* Required work
Among the lines below, copy each one in which "nonnegative" appears.

* Entries supplied
⟨

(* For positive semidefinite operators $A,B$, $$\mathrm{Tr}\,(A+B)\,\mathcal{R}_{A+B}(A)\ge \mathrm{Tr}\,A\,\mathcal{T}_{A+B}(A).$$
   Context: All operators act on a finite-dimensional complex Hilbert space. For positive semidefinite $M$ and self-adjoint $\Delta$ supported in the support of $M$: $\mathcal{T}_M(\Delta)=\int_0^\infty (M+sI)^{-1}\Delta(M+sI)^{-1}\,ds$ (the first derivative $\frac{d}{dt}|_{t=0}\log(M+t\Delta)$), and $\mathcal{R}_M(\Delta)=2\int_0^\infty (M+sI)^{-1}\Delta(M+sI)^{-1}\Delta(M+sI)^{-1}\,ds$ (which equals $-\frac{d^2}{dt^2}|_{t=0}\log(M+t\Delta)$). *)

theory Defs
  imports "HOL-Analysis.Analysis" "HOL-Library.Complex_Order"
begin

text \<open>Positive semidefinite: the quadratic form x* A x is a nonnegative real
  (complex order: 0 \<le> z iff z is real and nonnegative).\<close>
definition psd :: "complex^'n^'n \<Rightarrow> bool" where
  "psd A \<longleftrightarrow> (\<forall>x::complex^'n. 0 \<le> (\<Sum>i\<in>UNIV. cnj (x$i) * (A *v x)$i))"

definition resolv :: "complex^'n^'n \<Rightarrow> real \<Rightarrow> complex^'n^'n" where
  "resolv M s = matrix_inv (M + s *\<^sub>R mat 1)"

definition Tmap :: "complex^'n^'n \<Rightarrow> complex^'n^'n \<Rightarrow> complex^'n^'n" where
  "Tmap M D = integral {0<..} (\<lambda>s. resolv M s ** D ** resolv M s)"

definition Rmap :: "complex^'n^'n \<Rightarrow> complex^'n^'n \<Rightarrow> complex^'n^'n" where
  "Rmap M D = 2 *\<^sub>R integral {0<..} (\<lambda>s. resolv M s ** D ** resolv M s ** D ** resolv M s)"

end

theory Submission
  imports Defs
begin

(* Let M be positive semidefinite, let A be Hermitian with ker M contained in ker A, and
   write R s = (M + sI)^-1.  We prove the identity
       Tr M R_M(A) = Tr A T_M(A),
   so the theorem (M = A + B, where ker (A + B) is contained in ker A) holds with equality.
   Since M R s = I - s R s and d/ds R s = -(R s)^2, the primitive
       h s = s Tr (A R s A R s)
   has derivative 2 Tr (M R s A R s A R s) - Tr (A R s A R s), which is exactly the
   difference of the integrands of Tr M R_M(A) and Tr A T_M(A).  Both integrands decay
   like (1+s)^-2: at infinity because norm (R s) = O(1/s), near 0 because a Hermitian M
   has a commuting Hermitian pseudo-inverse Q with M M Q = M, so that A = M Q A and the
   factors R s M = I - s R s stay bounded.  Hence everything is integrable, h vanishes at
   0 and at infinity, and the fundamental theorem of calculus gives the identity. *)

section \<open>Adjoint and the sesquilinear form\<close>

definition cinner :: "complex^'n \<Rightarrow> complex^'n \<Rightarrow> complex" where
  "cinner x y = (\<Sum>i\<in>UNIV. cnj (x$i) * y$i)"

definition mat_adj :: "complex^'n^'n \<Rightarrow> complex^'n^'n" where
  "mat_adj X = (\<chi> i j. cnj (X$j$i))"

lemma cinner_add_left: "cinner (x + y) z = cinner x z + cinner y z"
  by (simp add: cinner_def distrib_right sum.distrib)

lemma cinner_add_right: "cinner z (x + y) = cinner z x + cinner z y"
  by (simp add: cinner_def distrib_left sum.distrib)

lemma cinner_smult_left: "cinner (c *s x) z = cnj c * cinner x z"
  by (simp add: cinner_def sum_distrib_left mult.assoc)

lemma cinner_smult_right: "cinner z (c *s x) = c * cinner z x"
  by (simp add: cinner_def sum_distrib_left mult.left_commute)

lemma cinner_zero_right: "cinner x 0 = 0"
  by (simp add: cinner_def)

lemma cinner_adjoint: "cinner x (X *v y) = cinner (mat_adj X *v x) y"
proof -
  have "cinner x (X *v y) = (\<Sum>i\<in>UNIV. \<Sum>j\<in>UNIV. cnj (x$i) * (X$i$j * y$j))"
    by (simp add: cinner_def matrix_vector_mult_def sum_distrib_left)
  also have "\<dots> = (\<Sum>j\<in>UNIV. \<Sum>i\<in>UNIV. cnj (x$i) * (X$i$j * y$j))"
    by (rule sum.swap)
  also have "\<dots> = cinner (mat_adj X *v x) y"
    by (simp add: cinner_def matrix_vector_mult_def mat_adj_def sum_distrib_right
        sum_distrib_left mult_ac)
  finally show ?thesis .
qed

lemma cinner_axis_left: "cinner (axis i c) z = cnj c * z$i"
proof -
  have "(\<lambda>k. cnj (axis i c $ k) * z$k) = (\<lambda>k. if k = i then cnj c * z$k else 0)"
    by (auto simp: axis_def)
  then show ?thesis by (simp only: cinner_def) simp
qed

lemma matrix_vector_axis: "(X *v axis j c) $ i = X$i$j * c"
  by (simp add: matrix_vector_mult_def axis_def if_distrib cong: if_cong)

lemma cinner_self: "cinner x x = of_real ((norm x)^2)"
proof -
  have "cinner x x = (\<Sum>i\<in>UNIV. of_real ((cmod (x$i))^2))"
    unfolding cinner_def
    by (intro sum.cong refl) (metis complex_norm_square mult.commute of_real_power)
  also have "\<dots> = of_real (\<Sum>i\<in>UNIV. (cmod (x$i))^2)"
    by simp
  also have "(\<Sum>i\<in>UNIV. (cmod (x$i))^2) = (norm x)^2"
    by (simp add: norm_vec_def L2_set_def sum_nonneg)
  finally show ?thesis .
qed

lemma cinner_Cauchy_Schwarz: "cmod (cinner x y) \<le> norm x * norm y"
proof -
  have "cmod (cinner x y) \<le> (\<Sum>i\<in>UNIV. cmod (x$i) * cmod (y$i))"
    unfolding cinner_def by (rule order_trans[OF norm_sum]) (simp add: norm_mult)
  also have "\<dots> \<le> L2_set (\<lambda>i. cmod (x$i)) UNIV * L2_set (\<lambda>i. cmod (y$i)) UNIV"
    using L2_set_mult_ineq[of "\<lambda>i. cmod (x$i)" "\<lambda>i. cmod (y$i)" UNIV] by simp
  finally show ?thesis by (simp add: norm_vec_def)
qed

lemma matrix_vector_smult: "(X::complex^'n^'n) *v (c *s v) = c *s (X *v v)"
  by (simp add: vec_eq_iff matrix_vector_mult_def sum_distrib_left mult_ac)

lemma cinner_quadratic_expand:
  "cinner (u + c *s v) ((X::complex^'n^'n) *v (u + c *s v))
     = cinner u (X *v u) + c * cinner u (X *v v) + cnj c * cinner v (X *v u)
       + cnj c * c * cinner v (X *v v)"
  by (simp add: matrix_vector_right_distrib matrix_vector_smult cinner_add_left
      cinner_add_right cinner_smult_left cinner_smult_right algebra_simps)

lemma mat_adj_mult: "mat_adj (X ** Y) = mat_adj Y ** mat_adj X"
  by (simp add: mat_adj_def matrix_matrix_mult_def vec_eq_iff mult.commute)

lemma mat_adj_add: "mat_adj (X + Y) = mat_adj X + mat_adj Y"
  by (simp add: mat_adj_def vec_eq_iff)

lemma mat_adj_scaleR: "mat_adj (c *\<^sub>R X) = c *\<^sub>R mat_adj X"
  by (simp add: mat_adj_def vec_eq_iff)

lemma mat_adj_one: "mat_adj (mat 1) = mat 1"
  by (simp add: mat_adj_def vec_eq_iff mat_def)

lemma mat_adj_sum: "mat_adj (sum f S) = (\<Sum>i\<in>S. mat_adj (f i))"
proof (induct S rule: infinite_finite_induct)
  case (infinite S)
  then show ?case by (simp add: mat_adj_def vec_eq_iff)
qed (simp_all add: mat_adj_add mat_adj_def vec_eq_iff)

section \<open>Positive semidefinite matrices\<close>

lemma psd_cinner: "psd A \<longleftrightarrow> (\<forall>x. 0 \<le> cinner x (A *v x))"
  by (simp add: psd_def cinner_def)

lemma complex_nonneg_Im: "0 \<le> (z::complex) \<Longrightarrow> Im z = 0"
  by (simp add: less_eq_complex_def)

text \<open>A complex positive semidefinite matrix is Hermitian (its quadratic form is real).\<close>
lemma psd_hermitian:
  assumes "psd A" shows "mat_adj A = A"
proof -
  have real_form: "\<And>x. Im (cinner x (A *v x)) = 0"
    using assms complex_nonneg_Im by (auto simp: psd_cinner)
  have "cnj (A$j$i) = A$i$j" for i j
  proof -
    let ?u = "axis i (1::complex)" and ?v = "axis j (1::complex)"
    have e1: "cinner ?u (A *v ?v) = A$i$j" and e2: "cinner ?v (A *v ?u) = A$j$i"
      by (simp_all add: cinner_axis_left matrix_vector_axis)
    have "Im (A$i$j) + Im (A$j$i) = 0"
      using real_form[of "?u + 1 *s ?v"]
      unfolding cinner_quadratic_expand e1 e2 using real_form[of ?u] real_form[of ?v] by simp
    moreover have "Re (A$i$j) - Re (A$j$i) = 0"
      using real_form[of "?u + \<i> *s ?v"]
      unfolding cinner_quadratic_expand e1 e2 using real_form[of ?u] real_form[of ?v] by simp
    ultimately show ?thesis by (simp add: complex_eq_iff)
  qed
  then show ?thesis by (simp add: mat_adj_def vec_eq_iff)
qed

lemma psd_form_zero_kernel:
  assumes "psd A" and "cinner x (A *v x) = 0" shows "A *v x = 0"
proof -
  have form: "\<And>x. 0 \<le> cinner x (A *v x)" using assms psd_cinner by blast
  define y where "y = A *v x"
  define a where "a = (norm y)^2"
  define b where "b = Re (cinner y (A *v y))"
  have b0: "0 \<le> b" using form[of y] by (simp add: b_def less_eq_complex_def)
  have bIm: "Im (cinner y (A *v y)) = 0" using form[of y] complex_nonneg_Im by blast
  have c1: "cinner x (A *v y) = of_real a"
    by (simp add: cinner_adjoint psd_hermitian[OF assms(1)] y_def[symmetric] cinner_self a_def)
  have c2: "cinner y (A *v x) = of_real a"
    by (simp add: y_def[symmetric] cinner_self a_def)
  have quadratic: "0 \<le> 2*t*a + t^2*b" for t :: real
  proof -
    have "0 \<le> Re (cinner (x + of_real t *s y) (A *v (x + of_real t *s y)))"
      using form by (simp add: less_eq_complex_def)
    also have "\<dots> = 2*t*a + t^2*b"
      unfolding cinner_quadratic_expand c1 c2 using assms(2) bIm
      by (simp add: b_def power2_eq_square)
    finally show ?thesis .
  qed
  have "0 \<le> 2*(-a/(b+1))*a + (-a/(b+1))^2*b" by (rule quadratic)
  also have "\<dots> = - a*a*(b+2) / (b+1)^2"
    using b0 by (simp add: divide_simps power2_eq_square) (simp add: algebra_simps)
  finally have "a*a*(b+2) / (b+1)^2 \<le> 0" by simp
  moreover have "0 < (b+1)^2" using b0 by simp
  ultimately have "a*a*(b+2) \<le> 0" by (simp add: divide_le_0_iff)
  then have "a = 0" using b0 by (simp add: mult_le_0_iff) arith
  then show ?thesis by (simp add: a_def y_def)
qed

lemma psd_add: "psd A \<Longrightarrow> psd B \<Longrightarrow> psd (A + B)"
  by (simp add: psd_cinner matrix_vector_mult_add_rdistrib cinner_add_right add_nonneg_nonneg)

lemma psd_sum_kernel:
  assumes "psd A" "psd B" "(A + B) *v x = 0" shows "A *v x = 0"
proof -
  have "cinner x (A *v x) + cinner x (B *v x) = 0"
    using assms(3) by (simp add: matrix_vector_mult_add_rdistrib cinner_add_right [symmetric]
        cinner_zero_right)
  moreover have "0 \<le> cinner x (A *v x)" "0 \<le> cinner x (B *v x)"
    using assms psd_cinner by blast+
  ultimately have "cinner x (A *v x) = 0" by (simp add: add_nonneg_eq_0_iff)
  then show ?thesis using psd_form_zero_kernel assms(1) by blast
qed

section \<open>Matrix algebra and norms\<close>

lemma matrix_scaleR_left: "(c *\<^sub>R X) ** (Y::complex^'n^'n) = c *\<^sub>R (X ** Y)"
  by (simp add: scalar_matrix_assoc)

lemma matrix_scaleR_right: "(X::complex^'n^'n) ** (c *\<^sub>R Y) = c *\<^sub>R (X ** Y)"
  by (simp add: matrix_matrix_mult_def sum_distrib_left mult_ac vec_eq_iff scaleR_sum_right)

⟩
⟨

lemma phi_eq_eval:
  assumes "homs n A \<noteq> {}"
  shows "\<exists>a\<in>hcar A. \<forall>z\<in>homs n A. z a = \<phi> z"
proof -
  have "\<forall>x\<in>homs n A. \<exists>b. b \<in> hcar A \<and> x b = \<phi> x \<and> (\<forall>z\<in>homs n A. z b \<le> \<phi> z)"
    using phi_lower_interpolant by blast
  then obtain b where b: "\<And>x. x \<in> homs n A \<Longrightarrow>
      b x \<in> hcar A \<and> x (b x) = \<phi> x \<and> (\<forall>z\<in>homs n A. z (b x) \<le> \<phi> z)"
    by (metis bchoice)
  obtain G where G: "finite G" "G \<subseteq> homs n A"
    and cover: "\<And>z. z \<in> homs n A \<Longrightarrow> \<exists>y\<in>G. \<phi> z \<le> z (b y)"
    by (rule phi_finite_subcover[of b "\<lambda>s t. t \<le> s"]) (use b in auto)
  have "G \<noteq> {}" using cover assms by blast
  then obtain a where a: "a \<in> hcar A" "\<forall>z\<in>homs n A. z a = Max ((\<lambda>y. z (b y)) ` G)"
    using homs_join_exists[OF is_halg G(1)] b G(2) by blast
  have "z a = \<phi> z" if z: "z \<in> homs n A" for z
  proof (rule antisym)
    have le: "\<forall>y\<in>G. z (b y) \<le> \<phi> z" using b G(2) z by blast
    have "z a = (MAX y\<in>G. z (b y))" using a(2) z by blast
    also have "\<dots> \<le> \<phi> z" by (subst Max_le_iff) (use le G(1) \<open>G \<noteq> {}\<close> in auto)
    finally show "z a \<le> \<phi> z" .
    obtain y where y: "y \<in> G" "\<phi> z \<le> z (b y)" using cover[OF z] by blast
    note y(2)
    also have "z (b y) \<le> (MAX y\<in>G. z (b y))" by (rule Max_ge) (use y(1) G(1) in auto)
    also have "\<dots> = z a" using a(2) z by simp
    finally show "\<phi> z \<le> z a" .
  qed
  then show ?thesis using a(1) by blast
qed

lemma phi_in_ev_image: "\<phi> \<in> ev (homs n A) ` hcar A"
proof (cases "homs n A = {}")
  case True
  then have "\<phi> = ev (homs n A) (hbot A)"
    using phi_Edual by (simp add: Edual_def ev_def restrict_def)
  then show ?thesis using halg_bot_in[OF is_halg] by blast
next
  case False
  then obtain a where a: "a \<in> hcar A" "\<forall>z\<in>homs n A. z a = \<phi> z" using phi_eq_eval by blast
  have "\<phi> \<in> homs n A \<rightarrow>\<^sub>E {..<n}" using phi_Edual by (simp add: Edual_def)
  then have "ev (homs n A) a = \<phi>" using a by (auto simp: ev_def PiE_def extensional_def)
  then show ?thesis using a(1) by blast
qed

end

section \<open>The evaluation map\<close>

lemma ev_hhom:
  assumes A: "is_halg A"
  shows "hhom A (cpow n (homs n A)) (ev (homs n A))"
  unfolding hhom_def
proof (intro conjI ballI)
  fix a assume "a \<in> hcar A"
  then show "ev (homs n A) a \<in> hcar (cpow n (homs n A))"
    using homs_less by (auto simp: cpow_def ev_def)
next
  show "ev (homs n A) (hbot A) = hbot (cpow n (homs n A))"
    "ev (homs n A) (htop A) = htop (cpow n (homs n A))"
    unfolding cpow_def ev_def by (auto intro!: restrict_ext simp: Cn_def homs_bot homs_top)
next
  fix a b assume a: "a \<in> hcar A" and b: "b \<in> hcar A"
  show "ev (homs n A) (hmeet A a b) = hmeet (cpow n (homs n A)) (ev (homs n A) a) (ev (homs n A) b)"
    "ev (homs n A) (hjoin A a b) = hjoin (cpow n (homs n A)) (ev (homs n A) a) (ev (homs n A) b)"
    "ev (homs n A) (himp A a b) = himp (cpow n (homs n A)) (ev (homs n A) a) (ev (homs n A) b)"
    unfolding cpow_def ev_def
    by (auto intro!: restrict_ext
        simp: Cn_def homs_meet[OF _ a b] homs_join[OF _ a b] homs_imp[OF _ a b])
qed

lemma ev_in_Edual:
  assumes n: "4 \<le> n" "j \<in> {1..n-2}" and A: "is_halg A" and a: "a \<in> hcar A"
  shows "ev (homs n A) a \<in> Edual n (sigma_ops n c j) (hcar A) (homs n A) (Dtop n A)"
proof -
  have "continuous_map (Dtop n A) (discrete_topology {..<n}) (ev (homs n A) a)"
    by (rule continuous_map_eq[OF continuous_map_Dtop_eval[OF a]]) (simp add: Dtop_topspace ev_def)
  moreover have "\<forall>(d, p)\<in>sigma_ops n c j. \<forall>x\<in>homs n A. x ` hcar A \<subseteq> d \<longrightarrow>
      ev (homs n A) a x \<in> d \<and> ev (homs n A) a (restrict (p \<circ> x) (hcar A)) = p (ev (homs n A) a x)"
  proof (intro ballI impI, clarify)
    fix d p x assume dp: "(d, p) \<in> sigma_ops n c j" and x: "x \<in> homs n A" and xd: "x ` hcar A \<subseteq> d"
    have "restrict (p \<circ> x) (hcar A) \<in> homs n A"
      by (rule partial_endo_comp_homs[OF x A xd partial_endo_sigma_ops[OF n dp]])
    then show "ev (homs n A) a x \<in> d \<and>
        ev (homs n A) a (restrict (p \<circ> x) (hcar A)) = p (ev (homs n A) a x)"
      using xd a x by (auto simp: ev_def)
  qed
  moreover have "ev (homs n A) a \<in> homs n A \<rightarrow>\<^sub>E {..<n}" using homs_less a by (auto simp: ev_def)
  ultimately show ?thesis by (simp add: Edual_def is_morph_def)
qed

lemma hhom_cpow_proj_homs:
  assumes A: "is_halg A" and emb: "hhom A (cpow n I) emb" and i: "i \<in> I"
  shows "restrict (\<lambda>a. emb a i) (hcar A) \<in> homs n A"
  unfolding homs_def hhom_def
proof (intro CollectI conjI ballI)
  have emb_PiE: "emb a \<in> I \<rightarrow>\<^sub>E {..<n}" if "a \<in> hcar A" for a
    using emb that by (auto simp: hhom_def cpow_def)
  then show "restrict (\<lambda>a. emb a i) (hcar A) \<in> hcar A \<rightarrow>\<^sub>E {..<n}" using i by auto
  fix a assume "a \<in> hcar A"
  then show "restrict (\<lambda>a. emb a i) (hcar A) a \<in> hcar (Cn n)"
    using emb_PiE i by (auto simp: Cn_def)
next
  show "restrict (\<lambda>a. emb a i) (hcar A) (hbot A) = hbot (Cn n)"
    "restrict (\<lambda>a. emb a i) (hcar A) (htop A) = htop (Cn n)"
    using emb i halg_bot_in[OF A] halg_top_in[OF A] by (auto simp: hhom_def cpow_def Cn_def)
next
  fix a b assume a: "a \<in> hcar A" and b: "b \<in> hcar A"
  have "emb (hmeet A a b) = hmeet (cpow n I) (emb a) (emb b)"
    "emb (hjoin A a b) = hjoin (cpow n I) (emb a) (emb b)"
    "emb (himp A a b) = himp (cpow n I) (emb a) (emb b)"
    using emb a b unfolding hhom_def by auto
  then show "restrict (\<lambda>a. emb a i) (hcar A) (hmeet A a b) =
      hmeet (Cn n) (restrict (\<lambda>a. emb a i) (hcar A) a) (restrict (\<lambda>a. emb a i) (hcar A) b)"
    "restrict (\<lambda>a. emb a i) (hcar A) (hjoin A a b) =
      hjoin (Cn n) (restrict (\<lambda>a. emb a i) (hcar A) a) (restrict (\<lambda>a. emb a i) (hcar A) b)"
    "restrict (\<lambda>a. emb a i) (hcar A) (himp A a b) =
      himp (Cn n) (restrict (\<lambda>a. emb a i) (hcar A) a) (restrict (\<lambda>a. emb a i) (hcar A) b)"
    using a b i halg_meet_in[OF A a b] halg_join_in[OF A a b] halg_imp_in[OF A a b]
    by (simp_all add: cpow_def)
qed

⟩

* Task result
text \<open>Positive semidefinite: the quadratic form x* A x is a nonnegative real
  (complex order: 0 \<le> z iff z is real and nonnegative).\<close>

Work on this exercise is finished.